═════ RECORDS

(* Let $\{W_i\}_{i=1}^M$ be subspaces of $\mathbb{R}^N$ that do phase retrieval (respectively, norm retrieval). Suppose that for each $i\in\{1,\dots,M\}$, $W_i=U_i\oplus V_i$, where $U_i,V_i$ are subspaces with $U_i\perp V_i$. Then the family of subspaces $\{U_i\}_{i=1}^M\cup\{V_i\}_{i=1}^M$ does phase retrieval (respectively, norm retrieval) in $\mathbb{R}^N$.
   Context: A family of subspaces $\{W_i\}_{i=1}^M$ of $\mathbb{R}^N$ with orthogonal projections $\{P_i\}_{i=1}^M$ does phase retrieval (respectively, norm retrieval) if for all $x,y\in\mathbb{R}^N$, $\|P_ix\|=\|P_iy\|$ for all $i$ implies $x=\pm y$ (respectively, $\|x\|=\|y\|$). *)

theory Defs
  imports "HOL-Analysis.Analysis"
begin

definition orth_proj :: "'a::euclidean_space set \<Rightarrow> 'a \<Rightarrow> 'a" where
  "orth_proj W x = (THE p. p \<in> W \<and> (\<forall>w\<in>W. orthogonal (x - p) w))"

definition does_phase_retrieval :: "'i set \<Rightarrow> ('i \<Rightarrow> 'a::euclidean_space set) \<Rightarrow> bool" where
  "does_phase_retrieval I W \<longleftrightarrow>
     (\<forall>x y. (\<forall>i\<in>I. norm (orth_proj (W i) x) = norm (orth_proj (W i) y))
            \<longrightarrow> x = y \<or> x = - y)"

definition does_norm_retrieval :: "'i set \<Rightarrow> ('i \<Rightarrow> 'a::euclidean_space set) \<Rightarrow> bool" where
  "does_norm_retrieval I W \<longleftrightarrow>
     (\<forall>x y. (\<forall>i\<in>I. norm (orth_proj (W i) x) = norm (orth_proj (W i) y))
            \<longrightarrow> norm x = norm y)"

end

theory Submission
  imports Defs
begin

text \<open>If \<open>W = U \<oplus> V\<close> with \<open>U \<perp> V\<close>, then \<open>P\<^sub>W = P\<^sub>U + P\<^sub>V\<close> and, by Pythagoras,
  \<open>\<parallel>P\<^sub>W x\<parallel>\<^sup>2 = \<parallel>P\<^sub>U x\<parallel>\<^sup>2 + \<parallel>P\<^sub>V x\<parallel>\<^sup>2\<close>. Hence equal projection norms onto all the
  \<open>U\<^sub>i\<close> and \<open>V\<^sub>i\<close> force equal projection norms onto all the \<open>W\<^sub>i\<close>, so whatever the
  \<open>W\<^sub>i\<close> retrieve from these norms, the finer family retrieves as well.\<close>

lemma orth_proj_unique:
  fixes S :: "'a::euclidean_space set"
  assumes "subspace S"
    and p: "p \<in> S" "\<forall>w\<in>S. orthogonal (x - p) w"
    and q: "q \<in> S" "\<forall>w\<in>S. orthogonal (x - q) w"
  shows "p = q"
proof -
  have "p - q \<in> S"
    using assms by (simp add: subspace_diff)
  then have "(x - q) \<bullet> (p - q) = 0" "(x - p) \<bullet> (p - q) = 0"
    using p q by (auto simp: orthogonal_def)
  then have "(p - q) \<bullet> (p - q) = 0"
    by (simp add: inner_diff_left)
  then show ?thesis
    by simp
qed

lemma orth_proj_eqI:
  fixes S :: "'a::euclidean_space set"
  assumes "subspace S" "p \<in> S" "\<forall>w\<in>S. orthogonal (x - p) w"
  shows "orth_proj S x = p"
  unfolding orth_proj_def
  using assms orth_proj_unique[OF assms(1)] by (intro the_equality) blast+

lemma orth_proj_in_subspace_orthogonal:
  fixes S :: "'a::euclidean_space set"
  assumes "subspace S"
  shows "orth_proj S x \<in> S" "\<forall>w\<in>S. orthogonal (x - orth_proj S x) w"
proof -
  obtain y z where y: "y \<in> span S" and z: "\<And>w. w \<in> span S \<Longrightarrow> orthogonal z w"
    and x: "x = y + z"
    by (metis orthogonal_subspace_decomp_exists)
  have "y \<in> S"
    using y assms span_eq_iff by blast
  moreover have "\<forall>w\<in>S. orthogonal (x - y) w"
    using z x span_base by auto
  ultimately show "orth_proj S x \<in> S" "\<forall>w\<in>S. orthogonal (x - orth_proj S x) w"
    using orth_proj_eqI[OF assms] by simp_all
qed

lemma orth_proj_orthogonal_sum:
  fixes U V :: "'a::euclidean_space set"
  assumes U: "subspace U" and V: "subspace V" and UV: "\<forall>u\<in>U. \<forall>v\<in>V. orthogonal u v"
  shows "orth_proj {u + v | u v. u \<in> U \<and> v \<in> V} x = orth_proj U x + orth_proj V x"
proof (rule orth_proj_eqI[OF subspace_sums[OF U V]])
  let ?pu = "orth_proj U x" and ?pv = "orth_proj V x"
  note pu = orth_proj_in_subspace_orthogonal[OF U, of x]
  note pv = orth_proj_in_subspace_orthogonal[OF V, of x]
  show "?pu + ?pv \<in> {u + v | u v. u \<in> U \<and> v \<in> V}"
    using pu pv by blast
  show "\<forall>w\<in>{u + v | u v. u \<in> U \<and> v \<in> V}. orthogonal (x - (?pu + ?pv)) w"
  proof clarify
    fix u v assume uv: "u \<in> U" "v \<in> V"
    have "(x - ?pu) \<bullet> u = 0" "(x - ?pv) \<bullet> v = 0" "?pv \<bullet> u = 0" "?pu \<bullet> v = 0"
      using pu pv uv UV by (auto simp: orthogonal_def inner_commute)
    then show "orthogonal (x - (?pu + ?pv)) (u + v)"
      unfolding orthogonal_def by (simp add: inner_diff_left inner_add_left inner_add_right)
  qed
qed

lemma norm_orth_proj_orthogonal_sum:
  fixes U V :: "'a::euclidean_space set"
  assumes "subspace U" "subspace V" "\<forall>u\<in>U. \<forall>v\<in>V. orthogonal u v"
  shows "(norm (orth_proj {u + v | u v. u \<in> U \<and> v \<in> V} x))\<^sup>2
           = (norm (orth_proj U x))\<^sup>2 + (norm (orth_proj V x))\<^sup>2"
proof -
  have "orthogonal (orth_proj U x) (orth_proj V x)"
    using assms orth_proj_in_subspace_orthogonal by blast
  then show ?thesis
    using orth_proj_orthogonal_sum[OF assms] norm_add_Pythagorean by simp
qed

definition same_proj_norms :: "'i set \<Rightarrow> ('i \<Rightarrow> 'a::euclidean_space set) \<Rightarrow> 'a \<Rightarrow> 'a \<Rightarrow> bool" where
  "same_proj_norms I W x y \<longleftrightarrow> (\<forall>i\<in>I. norm (orth_proj (W i) x) = norm (orth_proj (W i) y))"

lemma does_phase_retrieval_transfer:
  assumes "does_phase_retrieval I W"
    and "\<And>x y. same_proj_norms J W' x y \<Longrightarrow> same_proj_norms I W x y"
  shows "does_phase_retrieval J W'"
  using assms unfolding does_phase_retrieval_def same_proj_norms_def by blast

lemma does_norm_retrieval_transfer:
  assumes "does_norm_retrieval I W"
    and "\<And>x y. same_proj_norms J W' x y \<Longrightarrow> same_proj_norms I W x y"
  shows "does_norm_retrieval J W'"
  using assms unfolding does_norm_retrieval_def same_proj_norms_def by blast

lemma same_proj_norms_orthogonal_sums:
  fixes U V W :: "'i \<Rightarrow> 'a::euclidean_space set"
  assumes "\<forall>i\<in>I. subspace (U i)" "\<forall>i\<in>I. subspace (V i)"
    and "\<forall>i\<in>I. \<forall>u\<in>U i. \<forall>v\<in>V i. orthogonal u v"
    and "\<forall>i\<in>I. W i = {u + v | u v. u \<in> U i \<and> v \<in> V i}"
    and UV: "same_proj_norms (I <+> I) (case_sum U V) x y"
  shows "same_proj_norms I W x y"
  unfolding same_proj_norms_def
proof
  fix i assume i: "i \<in> I"
  have "norm (orth_proj (U i) x) = norm (orth_proj (U i) y)"
       "norm (orth_proj (V i) x) = norm (orth_proj (V i) y)"
    using UV i unfolding same_proj_norms_def by force+
  then have "(norm (orth_proj (W i) x))\<^sup>2 = (norm (orth_proj (W i) y))\<^sup>2"
    using assms i norm_orth_proj_orthogonal_sum[of "U i" "V i"] by simp
  then show "norm (orth_proj (W i) x) = norm (orth_proj (W i) y)"
    by (simp add: power2_eq_iff_nonneg)
qed

theorem mainTheorem10:
  fixes W U V :: "nat \<Rightarrow> (real ^ 'n) set" and M :: nat
  assumes subW: "\<forall>i\<in>{1..M}. subspace (W i)"
    and subU: "\<forall>i\<in>{1..M}. subspace (U i)"
    and subV: "\<forall>i\<in>{1..M}. subspace (V i)"
    and orthUV: "\<forall>i\<in>{1..M}. \<forall>u\<in>U i. \<forall>v\<in>V i. orthogonal u v"
    and sumUV: "\<forall>i\<in>{1..M}. W i = {u + v | u v. u \<in> U i \<and> v \<in> V i}"
  shows "(does_phase_retrieval {1..M} W \<longrightarrow>
            does_phase_retrieval ({1..M} <+> {1..M}) (case_sum U V))
       \<and> (does_norm_retrieval {1..M} W \<longrightarrow>
            does_norm_retrieval ({1..M} <+> {1..M}) (case_sum U V))"
  using same_proj_norms_orthogonal_sums[OF subU subV orthUV sumUV]
    does_phase_retrieval_transfer does_norm_retrieval_transfer
  by blast

end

══════════

**WHAT TO WORK ON:**
In the listing above, which lines include the string "bool"? Return every one of them.

**RESULT OF THE EXERCISE:**
definition does_phase_retrieval :: "'i set \<Rightarrow> ('i \<Rightarrow> 'a::euclidean_space set) \<Rightarrow> bool" where
definition does_norm_retrieval :: "'i set \<Rightarrow> ('i \<Rightarrow> 'a::euclidean_space set) \<Rightarrow> bool" where
definition same_proj_norms :: "'i set \<Rightarrow> ('i \<Rightarrow> 'a::euclidean_space set) \<Rightarrow> 'a \<Rightarrow> 'a \<Rightarrow> bool" where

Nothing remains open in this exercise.